Return each line of the entries that holds the string "finally".
-- Records provided follows --
lemma graft_subtrees:
  assumes "S \<subseteq> trunc_verts k \<Delta> (Suc n)"
  shows "graft k \<Delta> ([] \<in> S) (subtrees k \<Delta> S) = S"
proof (rule set_eqI)
  fix v
  have "(i, j) # w \<in> S \<Longrightarrow> i < \<Delta> - 1 \<and> j < k - 1" for i j w
    using assms by auto
  then show "v \<in> graft k \<Delta> ([] \<in> S) (subtrees k \<Delta> S) \<longleftrightarrow> v \<in> S"
    by (cases v) (auto simp: Nil_in_graft Cons_in_graft subtrees_def subtree_def)
qed

lemma subtrees_graft:
  assumes "g \<in> subtree_families k \<Delta> n \<eta> b"
  shows "subtrees k \<Delta> (graft k \<Delta> b g) = g"
  using assms by (auto simp: subtrees_def subtree_graft subtree_families_def fun_eq_iff PiE_def extensional_def)

lemma bij_betw_subtrees:
  assumes "k \<ge> 2" and "\<eta> \<subseteq> level k \<Delta> (Suc n)"
  shows "bij_betw (subtrees k \<Delta>) (indep_bdry_root k \<Delta> (Suc n) \<eta> b) (subtree_families k \<Delta> n \<eta> b)"
proof (rule bij_betwI[where g = "graft k \<Delta> b"])
  show "graft k \<Delta> b (subtrees k \<Delta> S) = S" if "S \<in> indep_bdry_root k \<Delta> (Suc n) \<eta> b" for S
    using graft_subtrees[of S] that
    by (auto simp: indep_bdry_root_def indep_bdry_def indep_sets_def)
qed (use assms subtrees_in_subtree_families graft_in_indep_bdry_root subtrees_graft in auto)

lemma subtree_families_False:
  "subtree_families k \<Delta> n \<eta> False =
     (\<Pi>\<^sub>E i\<in>{..<\<Delta> - 1}. \<Pi>\<^sub>E j\<in>{..<k - 1}. indep_bdry k \<Delta> n (subtree (i, j) \<eta>))"
  by (simp add: subtree_families_def)

lemma subtree_families_True:
  "subtree_families k \<Delta> n \<eta> True =
     (\<Pi>\<^sub>E i\<in>{..<\<Delta> - 1}. (\<Pi>\<^sub>E j\<in>{..<k - 1}. indep_bdry k \<Delta> n (subtree (i, j) \<eta>)) -
                            (\<Pi>\<^sub>E j\<in>{..<k - 1}. indep_bdry_root k \<Delta> n (subtree (i, j) \<eta>) True))"
proof (rule set_eqI)
  fix g
  have "g i \<in> (\<Pi>\<^sub>E j\<in>{..<k - 1}. indep_bdry k \<Delta> n (subtree (i, j) \<eta>)) \<Longrightarrow>
      g i \<in> (\<Pi>\<^sub>E j\<in>{..<k - 1}. indep_bdry_root k \<Delta> n (subtree (i, j) \<eta>) True) \<longleftrightarrow>
      (\<forall>j<k - 1. [] \<in> g i j)" for i
    by (auto simp: PiE_iff indep_bdry_root_def)
  then show "g \<in> subtree_families k \<Delta> n \<eta> True \<longleftrightarrow> g \<in> (\<Pi>\<^sub>E i\<in>{..<\<Delta> - 1}.
      (\<Pi>\<^sub>E j\<in>{..<k - 1}. indep_bdry k \<Delta> n (subtree (i, j) \<eta>)) -
      (\<Pi>\<^sub>E j\<in>{..<k - 1}. indep_bdry_root k \<Delta> n (subtree (i, j) \<eta>) True))"
    unfolding subtree_families_def mem_Collect_eq PiE_iff[of g] Diff_iff by fastforce
qed

lemma card_indep_bdry_root_False:
  assumes "k \<ge> 2" and "\<eta> \<subseteq> level k \<Delta> (Suc n)"
  shows "card (indep_bdry_root k \<Delta> (Suc n) \<eta> False) =
    (\<Prod>i<\<Delta> - 1. \<Prod>j<k - 1. card (indep_bdry k \<Delta> n (subtree (i, j) \<eta>)))"
  using bij_betw_same_card[OF bij_betw_subtrees[OF assms]]
  by (simp add: subtree_families_False card_PiE)

lemma card_indep_bdry_root_True:
  assumes "k \<ge> 2" and "\<eta> \<subseteq> level k \<Delta> (Suc n)"
  shows "card (indep_bdry_root k \<Delta> (Suc n) \<eta> True) =
    (\<Prod>i<\<Delta> - 1. (\<Prod>j<k - 1. card (indep_bdry k \<Delta> n (subtree (i, j) \<eta>))) -
                 (\<Prod>j<k - 1. card (indep_bdry_root k \<Delta> n (subtree (i, j) \<eta>) True)))"
proof -
  have "card ((\<Pi>\<^sub>E j\<in>{..<k - 1}. indep_bdry k \<Delta> n (subtree (i, j) \<eta>)) -
              (\<Pi>\<^sub>E j\<in>{..<k - 1}. indep_bdry_root k \<Delta> n (subtree (i, j) \<eta>) True)) =
        (\<Prod>j<k - 1. card (indep_bdry k \<Delta> n (subtree (i, j) \<eta>))) -
        (\<Prod>j<k - 1. card (indep_bdry_root k \<Delta> n (subtree (i, j) \<eta>) True))" for i
    by (subst card_Diff_subset)
       (auto simp: card_PiE finite_indep_bdry_root intro!: finite_PiE PiE_mono indep_bdry_root_subset)
  then show ?thesis
    using bij_betw_same_card[OF bij_betw_subtrees[OF assms]]
    by (simp add: subtree_families_True card_PiE)
qed

lemma card_indep_bdry_eq:
  "card (indep_bdry k \<Delta> n \<eta>) = card (indep_bdry_root k \<Delta> n \<eta> False) + card (indep_bdry_root k \<Delta> n \<eta> True)"
proof -
  have "indep_bdry k \<Delta> n \<eta> = indep_bdry_root k \<Delta> n \<eta> False \<union> indep_bdry_root k \<Delta> n \<eta> True"
    by (auto simp: indep_bdry_root_def)
  moreover have "indep_bdry_root k \<Delta> n \<eta> False \<inter> indep_bdry_root k \<Delta> n \<eta> True = {}"
    by (auto simp: indep_bdry_root_def)
  ultimately show ?thesis
    by (simp add: card_Un_disjoint finite_indep_bdry_root)
qed

text \<open>The tree recursion for the root occupation probability, with \<open>m = k - 1\<close> children on each
  of the \<open>d = \<Delta> - 1\<close> descending hyperedges of the root; \<open>p i j\<close> is the occupation probability
  of the \<open>j\<close>-th child on the \<open>i\<close>-th hyperedge in its own subtree.\<close>
definition bp_step :: "nat \<Rightarrow> nat \<Rightarrow> (nat \<Rightarrow> nat \<Rightarrow> real) \<Rightarrow> real" where
  "bp_step m d p = (\<Prod>i<d. 1 - (\<Prod>j<m. p i j)) / (1 + (\<Prod>i<d. 1 - (\<Prod>j<m. p i j)))"

lemma root_prob_Suc:
  assumes k: "k \<ge> 2" and \<eta>: "\<eta> \<subseteq> level k \<Delta> (Suc n)"
  shows "root_prob k \<Delta> (Suc n) \<eta> = bp_step (k - 1) (\<Delta> - 1) (\<lambda>i j. root_prob k \<Delta> n (subtree (i, j) \<eta>))"
proof -
  define T where "T i j = real (card (indep_bdry k \<Delta> n (subtree (i, j) \<eta>)))" for i j
  define M where "M i j = real (card (indep_bdry_root k \<Delta> n (subtree (i, j) \<eta>) True))" for i j
  define P where "P = (\<Prod>i<\<Delta> - 1. \<Prod>j<k - 1. T i j)"
  define R where "R = (\<Prod>i<\<Delta> - 1. 1 - (\<Prod>j<k - 1. M i j / T i j))"
  have T_pos: "T i j > 0" for i j
    unfolding T_def using card_indep_bdry_pos[OF k subtree_subset_level[OF \<eta>]] by simp
  have P_pos: "P > 0"
    unfolding P_def using T_pos by (auto intro!: prod_pos)
  have "real (card (indep_bdry_root k \<Delta> (Suc n) \<eta> False)) = P"
    by (simp add: card_indep_bdry_root_False[OF k \<eta>] P_def T_def)
  moreover have "real (card (indep_bdry_root k \<Delta> (Suc n) \<eta> True)) = P * R"
  proof -
    have "(\<Prod>j<k - 1. card (indep_bdry_root k \<Delta> n (subtree (i, j) \<eta>) True)) \<le>
        (\<Prod>j<k - 1. card (indep_bdry k \<Delta> n (subtree (i, j) \<eta>)))" for i
      by (intro prod_mono) (simp add: card_mono finite_indep_bdry indep_bdry_root_subset)
    then have "real (card (indep_bdry_root k \<Delta> (Suc n) \<eta> True)) =
        (\<Prod>i<\<Delta> - 1. (\<Prod>j<k - 1. T i j) - (\<Prod>j<k - 1. M i j))"
      by (simp add: card_indep_bdry_root_True[OF k \<eta>] T_def M_def of_nat_diff)
    also have "\<dots> = (\<Prod>i<\<Delta> - 1. (\<Prod>j<k - 1. T i j) * (1 - (\<Prod>j<k - 1. M i j / T i j)))"
      using T_pos by (intro prod.cong refl prod_diff_eq_prod_mult) (simp add: less_imp_neq[symmetric])
    finally show ?thesis
      by (simp add: P_def R_def prod.distrib)
  qed
  ultimately have "root_prob k \<Delta> (Suc n) \<eta> = (P * R) / (P * (1 + R))"
    unfolding root_prob_eq_card card_indep_bdry_eq by (simp add: distrib_left)
  also have "\<dots> = R / (1 + R)"
    using P_pos by simp
  finally show ?thesis
    by (simp add: bp_step_def R_def M_def T_def root_prob_eq_card)
qed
-- Records provided concluded --
■ **Task solution**
    finally show ?thesis
  finally show ?thesis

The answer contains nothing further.